## Rename and group genomes (pt2 Siavash HGT)

### I. Rename each genome:
For each **"mutated.fasta"** in ./input/simulated_genomes/*/mutated_*/mutated.fasta:<Br>
Give it a more useful name like **"AG-359-G18_a22_aad001.fasta"**

In [11]:
import pandas as pd
from glob import glob
import shutil
import os
from os.path import exists

PATTERN_input = "./input/simulated_genomes/*/mutated_*/mutated.fasta"
DIR_mid = "./mid/0_mutated_genomes/"
DIR_out = "./mid/1_grouped_genomes/"

LIST_to_copy = glob(PATTERN_input)
for SRC in LIST_to_copy:
    #print(SRC)
    #STR_basename = SRC.split('/')[-2]
    STR_basename = SRC.split('/')[-2].replace('mutated_BLOSUM62_','')
    DST = DIR_mid + STR_basename + ".fasta"
    if not exists(DST):
        shutil.copyfile(SRC, DST)

print("All renamed")



All renamed


### II. Group each genome
...into sets that share both a base genome and alpha value (e.g. 'AG-315-G18_a22').<Br>
Such that genomes in a group would differ only by average amino acid distance (aad):
* 'AG-315-G18_a22_**aad0005**.fasta'
* 'AG-315-G18_a22_**aad001**.fasta'
* 'AG-315-G18_a22_**aad002**.fasta'
* etc..

#### Why?
Because in the next section we will run ANI on pairs among these genomes

In [63]:
### Group each fasta by its source genome and aad (e.g. "AG-315-G18_a22" has a group of 26 fastas with different aad values)
LIST_files_to_group = glob(DIR_mid + "*.fasta")
DF = pd.DataFrame({'SRC': LIST_files_to_group})
DF['group'] = DF['SRC'].str.split('/',expand=True)[3].str.replace('_aad','~').str.split('~').str[0]
print("Grouping "+str(len(DF))+" fastas based on their source genome and aad")

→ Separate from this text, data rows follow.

lemma bounded_complex_seq_convergent_subseq:
  fixes X :: "nat \<Rightarrow> complex"
  assumes B: "\<And>j. cmod (X j) \<le> B"
  obtains \<sigma> where "strict_mono \<sigma>" and "convergent (X \<circ> \<sigma>)"
proof -
  obtain \<sigma>1 where \<sigma>1: "strict_mono \<sigma>1" "convergent ((\<lambda>j. Re (X j)) \<circ> \<sigma>1)"
    using bounded_real_seq_convergent_subseq[of "\<lambda>j. Re (X j)" B] B abs_Re_le_cmod order_trans by blast
  obtain \<sigma>2 where \<sigma>2: "strict_mono \<sigma>2" "convergent ((\<lambda>j. Im (X (\<sigma>1 j))) \<circ> \<sigma>2)"
    using bounded_real_seq_convergent_subseq[of "\<lambda>j. Im (X (\<sigma>1 j))" B] B abs_Im_le_cmod order_trans by blast
  have "convergent ((\<lambda>j. Re (X j)) \<circ> \<sigma>1 \<circ> \<sigma>2)"
    using \<sigma>1(2) \<sigma>2(1) by (rule convergent_subseq_convergent)
  with \<sigma>2(2) obtain a b where "(\<lambda>j. Re ((X \<circ> (\<sigma>1 \<circ> \<sigma>2)) j)) \<longlonglongrightarrow> a"
      "(\<lambda>j. Im ((X \<circ> (\<sigma>1 \<circ> \<sigma>2)) j)) \<longlonglongrightarrow> b"
    by (auto simp: convergent_def comp_def)
  then have "(X \<circ> (\<sigma>1 \<circ> \<sigma>2)) \<longlonglongrightarrow> Complex a b"
    by (simp add: tendsto_complex_iff)
  then have "convergent (X \<circ> (\<sigma>1 \<circ> \<sigma>2))"
    unfolding convergent_def by blast
  with \<sigma>1(1) \<sigma>2(1) show thesis using that strict_mono_o by blast
qed

lemma bounded_coords_convergent_subseq:
  fixes X :: "nat \<Rightarrow> nat \<Rightarrow> complex"
  assumes B: "\<And>j l. cmod (X j l) \<le> B"
  shows "\<exists>\<sigma>. strict_mono \<sigma> \<and> (\<forall>l<r. convergent (\<lambda>j. X (\<sigma> j) l))"
proof (induction r)
  case 0
  show ?case using strict_mono_id by (auto simp: id_def)
next
  case (Suc r)
  then obtain \<sigma> where \<sigma>: "strict_mono \<sigma>" "\<forall>l<r. convergent (\<lambda>j. X (\<sigma> j) l)" by blast
  obtain \<tau> where \<tau>: "strict_mono \<tau>" "convergent ((\<lambda>j. X (\<sigma> j) r) \<circ> \<tau>)"
    using bounded_complex_seq_convergent_subseq[of "\<lambda>j. X (\<sigma> j) r" B] B by blast
  have "convergent ((\<lambda>j. X (\<sigma> j) l) \<circ> \<tau>)" if "l < Suc r" for l
    using \<sigma>(2) \<tau> that less_Suc_eq by (metis convergent_subseq_convergent)
  moreover have "strict_mono (\<sigma> \<circ> \<tau>)" using \<sigma>(1) \<tau>(1) by (rule strict_mono_o)
  ultimately show ?case by (auto simp: comp_def)
qed

context
  fixes r :: nat and N :: "(nat \<Rightarrow> complex) \<Rightarrow> real"
  assumes N: "is_cnorm r N"
begin

lemma cnorm_nonneg: "x \<in> cvec_space r \<Longrightarrow> 0 \<le> N x"
  and cnorm_eq_0_iff: "x \<in> cvec_space r \<Longrightarrow> N x = 0 \<longleftrightarrow> x = (\<lambda>_. 0)"
  and cnorm_scale: "x \<in> cvec_space r \<Longrightarrow> N (\<lambda>k. c * x k) = cmod c * N x"
  and cnorm_triangle: "x \<in> cvec_space r \<Longrightarrow> y \<in> cvec_space r \<Longrightarrow> N (\<lambda>k. x k + y k) \<le> N x + N y"
  using N unfolding is_cnorm_def by blast+

lemma cnorm_pos: "x \<in> cvec_space r \<Longrightarrow> x \<noteq> (\<lambda>_. 0) \<Longrightarrow> 0 < N x"
  using cnorm_nonneg cnorm_eq_0_iff by force

lemma cnorm_zero: "N (\<lambda>_. 0) = 0"
  using cnorm_eq_0_iff[of "\<lambda>_. 0"] by (simp add: cvec_space_def)

lemma cnorm_sum:
  assumes "finite I" and "\<And>i. i \<in> I \<Longrightarrow> x i \<in> cvec_space r"
  shows "N (\<lambda>k. \<Sum>i\<in>I. x i k) \<le> (\<Sum>i\<in>I. N (x i))"
  using assms
proof (induction I rule: finite_induct)
  case (insert a I)
  have "N (\<lambda>k. \<Sum>i\<in>insert a I. x i k) \<le> N (x a) + N (\<lambda>k. \<Sum>i\<in>I. x i k)"
    using insert cnorm_triangle[of "x a" "\<lambda>k. \<Sum>i\<in>I. x i k"] by (simp add: cvec_sum)
  with insert show ?case by simp
qed (simp add: cnorm_zero)

lemma cnorm_le_l1_norm:
  assumes x: "x \<in> cvec_space r"
  shows "N x \<le> (\<Sum>l<r. N (cvec_unit l)) * l1_norm r x"
proof -
  have "N x \<le> (\<Sum>l<r. N (\<lambda>k. x l * cvec_unit l k))"
    using cvec_eq_sum_units[OF x] cnorm_sum[of "{..<r}" "\<lambda>l k. x l * cvec_unit l k"]
    by (metis cvec_scale cvec_unit_in_cvec_space finite_lessThan lessThan_iff)
  also have "\<dots> = (\<Sum>l<r. cmod (x l) * N (cvec_unit l))"
    by (intro sum.cong refl cnorm_scale cvec_unit_in_cvec_space) simp
  also have "\<dots> \<le> (\<Sum>l<r. cmod (x l) * (\<Sum>l<r. N (cvec_unit l)))"
    by (intro sum_mono mult_left_mono member_le_sum cnorm_nonneg cvec_unit_in_cvec_space) auto
  also have "\<dots> = (\<Sum>l<r. N (cvec_unit l)) * l1_norm r x"
    unfolding l1_norm_def sum_distrib_right[symmetric] by (rule mult.commute)
  finally show ?thesis .
qed

lemma cnorm_le_limit:
  assumes X: "\<And>j. X j \<in> cvec_space r" and L: "L \<in> cvec_space r"
    and coords: "\<And>l. l < r \<Longrightarrow> (\<lambda>j. X j l) \<longlonglongrightarrow> L l"
    and lim: "(\<lambda>j. N (X j)) \<longlonglongrightarrow> c"
  shows "N L \<le> c"
proof -
  define K where "K = (\<Sum>l<r. N (cvec_unit l))"
  have "N L \<le> N (X j) + K * l1_norm r (\<lambda>k. L k - X j k)" for j
  proof -
    have "N L = N (\<lambda>k. X j k + (L k - X j k))" by simp
    then have "N L \<le> N (X j) + N (\<lambda>k. L k - X j k)"
      using cnorm_triangle[OF X cvec_diff[OF L X]] by presburger
    then show ?thesis using cnorm_le_l1_norm[OF cvec_diff[OF L X[of j]]] unfolding K_def by linarith
  qed
  moreover have "(\<lambda>j. N (X j) + K * l1_norm r (\<lambda>k. L k - X j k)) \<longlonglongrightarrow> c + K * l1_norm r (\<lambda>k. L k - L k)"
    unfolding l1_norm_def by (intro tendsto_intros lim coords) simp
  ultimately show ?thesis
    by (intro LIMSEQ_le_const) (auto simp: l1_norm_def)
qed

lemma cnorm_not_tendsto_0_on_l1_sphere:
  assumes X: "\<And>j. X j \<in> cvec_space r" "\<And>j. l1_norm r (X j) = 1"
  shows "\<not> (\<lambda>j. N (X j)) \<longlonglongrightarrow> 0"
proof
  assume N0: "(\<lambda>j. N (X j)) \<longlonglongrightarrow> 0"
  have "cmod (X j l) \<le> 1" for j l
    using coord_le_l1_norm[of l r "X j"] X(1)[of j] by (cases "l < r") (auto simp: X(2) cvec_space_def)
  then obtain \<sigma> where \<sigma>: "strict_mono \<sigma>" "\<forall>l<r. convergent (\<lambda>j. X (\<sigma> j) l)"
    using bounded_coords_convergent_subseq by blast
  define L where "L l = (if l < r then lim (\<lambda>j. X (\<sigma> j) l) else 0)" for l
  have L: "L \<in> cvec_space r" by (simp add: L_def cvec_space_def)
  have coords: "(\<lambda>j. X (\<sigma> j) l) \<longlonglongrightarrow> L l" if "l < r" for l
    using \<sigma>(2) that by (simp add: L_def convergent_LIMSEQ_iff)
  have "(\<lambda>j. l1_norm r (X (\<sigma> j))) \<longlonglongrightarrow> l1_norm r L"
    unfolding l1_norm_def by (intro tendsto_intros coords) simp
  moreover have "(\<lambda>j. l1_norm r (X (\<sigma> j))) \<longlonglongrightarrow> 1" by (simp add: X(2))
  ultimately have "l1_norm r L = 1" by (rule LIMSEQ_unique)
  then have "L \<noteq> (\<lambda>_. 0)" by (auto simp: l1_norm_def)
  then have "0 < N L" by (rule cnorm_pos[OF L])
  moreover have "(\<lambda>j. N (X (\<sigma> j))) \<longlonglongrightarrow> 0"
    using LIMSEQ_subseq_LIMSEQ[OF N0 \<sigma>(1)] by (simp add: comp_def)
  then have "N L \<le> 0" using cnorm_le_limit[of "\<lambda>j. X (\<sigma> j)" L 0] X(1) L coords by blast
  ultimately show False by simp
qed

lemma cnorm_ge_l1_norm: "\<exists>m>0. \<forall>x\<in>cvec_space r. m * l1_norm r x \<le> N x"
proof (rule ccontr)
  assume "\<not> ?thesis"
  then have "\<exists>x\<in>cvec_space r. N x < inverse (real (Suc j)) * l1_norm r x" for j
    by (metis not_le of_nat_0_less_iff positive_imp_inverse_positive zero_less_Suc)
  then obtain Y where Y: "\<And>j. Y j \<in> cvec_space r" "\<And>j. N (Y j) < inverse (real (Suc j)) * l1_norm r (Y j)"
    by metis
  have l1_pos: "0 < l1_norm r (Y j)" for j
  proof -
    have "0 < inverse (real (Suc j)) * l1_norm r (Y j)"
      using Y(2)[of j] cnorm_nonneg[OF Y(1)[of j]] by linarith
    then show ?thesis by (simp add: zero_less_mult_iff)
  qed
  define X where "X j = (\<lambda>k. complex_of_real (inverse (l1_norm r (Y j))) * Y j k)" for j
  have X: "X j \<in> cvec_space r" "l1_norm r (X j) = 1" "N (X j) < inverse (real (Suc j))" for j
  proof -
    show "X j \<in> cvec_space r" unfolding X_def by (rule cvec_scale[OF Y(1)])
    show "l1_norm r (X j) = 1" unfolding X_def l1_norm_scale using l1_pos[of j] by (simp add: norm_inverse)
    have "N (X j) = N (Y j) / l1_norm r (Y j)"
      unfolding X_def cnorm_scale[OF Y(1)] using l1_pos[of j] by (simp add: norm_inverse divide_inverse mult.commute)
    also have "\<dots> < inverse (real (Suc j))" using Y(2)[of j] l1_pos[of j] by (simp add: divide_less_eq)
    finally show "N (X j) < inverse (real (Suc j))" .
  qed
  have "(\<lambda>j. N (X j)) \<longlonglongrightarrow> 0"
  proof (rule tendsto_sandwich[OF _ _ tendsto_const LIMSEQ_inverse_real_of_nat])
    show "\<forall>\<^sub>F j in sequentially. 0 \<le> N (X j)"
      by (intro always_eventually allI cnorm_nonneg X(1))
    show "\<forall>\<^sub>F j in sequentially. N (X j) \<le> inverse (real (Suc j))"
      by (intro always_eventually allI less_imp_le X(3))
  qed
  then show False using cnorm_not_tendsto_0_on_l1_sphere[of X] X(1,2) by blast
qed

### Create a directory for each group
LIST_dirs = list(DF['group'].value_counts().to_dict().keys())
for DIR in LIST_dirs:
    DIR_to_make = "./mid/1_grouped_genomes/"+DIR+"/"
    if not exists(DIR_to_make):
        os.mkdir(DIR_to_make)
print("Made folder for each group")

### Copy each fasta into its groupdir
DF["basename"] = DF['SRC'].str.split('/',expand=True)[3]
DF['DST'] = "./mid/1_grouped_genomes/" + DF['group'] + "/" + DF['basename']  # Derive destination name

for index, row in DF.iterrows():
    if not exists(row['DST']):
        shutil.copyfile(row['SRC'], row['DST'])
print("Copied each file into its group directory")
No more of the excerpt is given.